NYCTL 1998-2 Trust v. Avila

815 N.Y.S.2d 725 | N.Y. App. Div. | 2006

*966In an action to foreclose tax liens, the defendant Zoila Lucinda Avila appeals from an order of the Supreme Court, Kings County (Steinhardt, J.), dated January 10, 2005, which, inter alia, denied those branches of her motion which were (1) to restore a temporary restraining order contained in an order of the same court dated November 26, 2002, prohibiting the foreclosure and sale of certain real property pending the hearing of her motion for a prehminary injunction prohibiting the foreclosure and sale pendente lite, (2) to restore to the motion calendar her motion for a preliminary injunction prohibiting the foreclosure and sale, (3) pursuant to CPLR 5015 (a) (4) to vacate a judgment of foreclosure and sale of the same court entered July 15, 2002, upon her default in appearing or answering, and (4) to nullify a referee’s deed to the real property dated March 1, 2004, issued to nonparty, RSL Holdings, LLC.
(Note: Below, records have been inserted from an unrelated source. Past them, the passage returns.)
(* Let $R,K,N,s$ be positive integers with $s\le N$, $m=RK$, $p\in[0,1]$, $\epsilon>0$, $c>0$. There is a constant $C>0$ depending only on $c$ such that the following holds. Let $\mathbf{A}\in\mathbb{R}^{m\times N}$ be a subGaussian random matrix with parameter $c$, and let $\mathcal{T}\subseteq\{1,\ldots,m\}$ be the random set of indices of measurements observed at the fusion center of a serial-star network with $R$ branches of $K$ sensors (independent of $\mathbf{A}$). Let $\delta\in(0,1)$. If $$R\ \ge\ \left[\ln\frac{1-pe^{-C\delta^2}}{1-p+p\left(1-e^{-C\delta^2}\right)\left(pe^{-C\delta^2}\right)^K}\right]^{-1}\left[\frac{4}{3}s\ln\left(\frac{eN}{s}\right)+\frac{14}{3}s+\frac{4}{3}\ln\frac{2}{\epsilon}\right],$$ then with probability at least $1-\epsilon$ the $s$-restricted isometry constant $\delta_s$ of $|\mathcal{T}|^{-1/2}\mathbf{A}_{\mathcal{T}}$ satisfies $\delta_s<\delta$.
   Context: A random variable $A$ is subGaussian with parameter $c$ if $\mathbb{E}[\exp(\theta A)]\le\exp(c\theta^2)$ for all $\theta\in\mathbb{R}$; a subGaussian random matrix with parameter $c$ has independent, zero mean, unit variance subGaussian entries with common parameter $c$. Serial-star network: the $m=RK$ sensors are arranged in $R$ branches; in each branch sensor $j$ ($j=1,\ldots,K$) forwards all measurements it holds (its own plus those received from sensor $j-1$) to sensor $j+1$, and sensor $K$ forwards to the fusion center. Each of the $RK$ links (sensor $j\to j+1$ for $j<K$, and sensor $K\to$ fusion center) is an independent Bernoulli erasure channel delivering the transmitted data with probability $p$ and losing it otherwise; thus the measurement of sensor $j$ in a branch reaches the fusion center iff all $K-j+1$ links from sensor $j$ onward succeed. $\mathcal{T}$ is the set of indices of measurements reaching the fusion center and $\mathbf{A}_{\mathcal{T}}$ the submatrix of rows indexed by $\mathcal{T}$. The $s$-restricted isometry constant of a matrix $\mathbf{B}$ with $N$ columns is $\delta_s=\inf\{\delta:1-\delta\le\|\mathbf{B}\mathbf{z}\|^2\le1+\delta\ \forall\mathbf{z},\ \|\mathbf{z}\|=1,\ \|\mathbf{z}\|_0\le s\}$. The right-hand side is $+\infty$ when $p=0$. *)

theory Defs
  imports "HOL-Probability.Probability"
begin
(* Let $a_0=0$ and let $a_1<a_2<\cdots$ be the increasing enumeration of the set $\{m\ge1:\ c_m=1\}$ (so that, for $m\ge1$, $c_m=1$ if and only if $m=a_n$ for some $n>0$). Then $a_1=1$, $a_2=2$, $a_3=7$, and for all $n\ge 1$: $$a_{4n}=a_{4n-1}+1,\quad a_{4n+1}=a_{4n-1}+2,\quad a_{4n+2}=a_{4n-1}+3,\quad a_{8n+3}=a_{8n}+7,\quad a_{8n+7}=4a_{4n+3}+3.$$
   Context: For $n\in\mathbb{N}$ let $s_2(n)$ be the sum of the binary digits of $n$ and $t_n=s_2(n)\bmod 2$ (the Prouhet–Thue–Morse sequence). Let $F(X)=\sum_{n\ge1}t_nX^n\in\mathbb{F}_2[[X]]$ and let $G(X)=\sum_{n\ge1}c_nX^n\in\mathbb{F}_2[[X]]$ be its compositional inverse, i.e. $F(G(X))=G(F(X))=X$. The $c_n$ are identified with integers in $\{0,1\}$. *)

theory Defs
  imports "HOL-Computational_Algebra.Formal_Power_Series" "HOL-Library.Z2" "HOL-Library.Infinite_Set"
begin

fun s2 :: "nat \<Rightarrow> nat" where
  "s2 n = (if n = 0 then 0 else n mod 2 + s2 (n div 2))"

definition tm :: "nat \<Rightarrow> bit" where
  "tm n = (if odd (s2 n) then 1 else 0)"

definition TM_F :: "bit fps" where
  "TM_F = Abs_fps (\<lambda>n. if n = 0 then 0 else tm n)"

definition TM_G :: "bit fps" where
  "TM_G = fps_inv TM_F"

definition cG :: "nat \<Rightarrow> nat" where
  "cG n = (if fps_nth TM_G n = 1 then 1 else 0)"

definition onesG :: "nat set" where
  "onesG = {m. m \<ge> 1 \<and> cG m = 1}"

definition aG :: "nat \<Rightarrow> nat" where
  "aG n = (if n = 0 then 0 else enumerate onesG (n - 1))"

end

theory Submission
  imports Defs
begin
(* (a) Let $X$ be an irreducible subvariety of $\mathrm{Sym}_2(\mathbb C^m)$. Then $\mathrm{MLD}_{\det}(X)$ equals the usual Gaussian ML degree of $X$, i.e. the number of complex critical points of $K\mapsto \log\det(K)-\mathrm{tr}(KS)$ on $X^{\mathrm{sm}}\setminus V(\det)$ for a general complex symmetric matrix $S\in\mathrm{Sym}_2(\mathbb C^m)$. (b) Conversely, let $\mathcal L$ be a finite-dimensional complex vector space, $X\subseteq\mathcal L$ an irreducible affine variety and $F$ a polynomial on $\mathcal L$. Then there exist an integer $m$ and an injective affine-linear map $\mathcal A:\mathcal L\to\mathrm{Sym}_2(\mathbb C^m)$ such that $\mathrm{MLD}_F(X)=\mathrm{MLD}_{\det}(\mathcal A(X))$.
   Context: Let $\mathcal L$ be a finite-dimensional complex vector space with dual $\mathcal L^*$. For a polynomial $F$ on $\mathcal L$, $\mathbf u\in\mathcal L^*$ and $p\in\mathcal L\setminus V(F)$, the (Gaussian) log-likelihood is $\ell_{F,\mathbf u}(p)=\log F(p)-\mathbf u(p)$; its gradient $\nabla_p\ell_{F,\mathbf u}=\nabla_pF/F(p)-\mathbf u\in\mathcal L^*$ does not depend on the branch of the logarithm. For an irreducible affine variety $Y\subseteq\mathcal L$, the ML degree $\mathrm{MLD}_F(Y)$ is the number of points $p\in Y^{\mathrm{sm}}\setminus V(F)$ ($Y^{\mathrm{sm}}$ the smooth locus) with $T_pY\subseteq\ker(\nabla_p\ell_{F,\mathbf u})$, for general $\mathbf u\in\mathcal L^*$. Here $\det$ denotes the determinant polynomial on $\mathrm{Sym}_2(\mathbb C^m)$, the space of complex symmetric $m\times m$ matrices. *)

theory Defs
  imports "HOL-Analysis.Derivative" "Jordan_Normal_Form.Determinant"
begin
Ordered that the order is affirmed, with one bill of costs to the respondents appearing separately and filing separate briefs.

The Supreme Court providently exercised its discretion in denying that branch of the motion of the defendant Zoila Lucinda Avila (hereinafter the appellant) which was, in effect, to vacate her default in answering the complaint, and to set aside the foreclosure sale that followed therefrom. Since the appellant had neither a justifiable excuse for her default nor a meritorious defense to the action, her motion to vacate the default was properly denied (see Bank of New York v Lagakos, 27 AD3d 678 [2006]).

Notice of the adjourned foreclosure sale date was properly published (see RPAPL 231 [3]; Frank Buttermark Plumbing & Heating Corp. v Sagarese, 119 AD2d 540 [1986]; Guardian Fed. Sav. & Loan Assn. v Horse-Hawk Holding Corp., 72 AD2d 737 [1979]), and any alleged deficiency in notice to the appellant’s attorney is immaterial in any event since the appellant appeared at the sale (see Arch Assets v AL & LP Realty Co., 227 AD2d 295 [1996]) and has failed to demonstrate any prejudice to a substantial right as a result of the alleged deficiency in notice (see Amresco New England II v Denino, 283 AD2d 599, 599-600 [2001]; Long Is. Sav. Bank of Centereach v Jean Valiquette, M.D., P.C., 183 AD2d 877 [1992]).

*967The appellant’s remaining contentions are without merit. Schmidt, J.P., Krausman, Spolzino and Fisher, JJ., concur.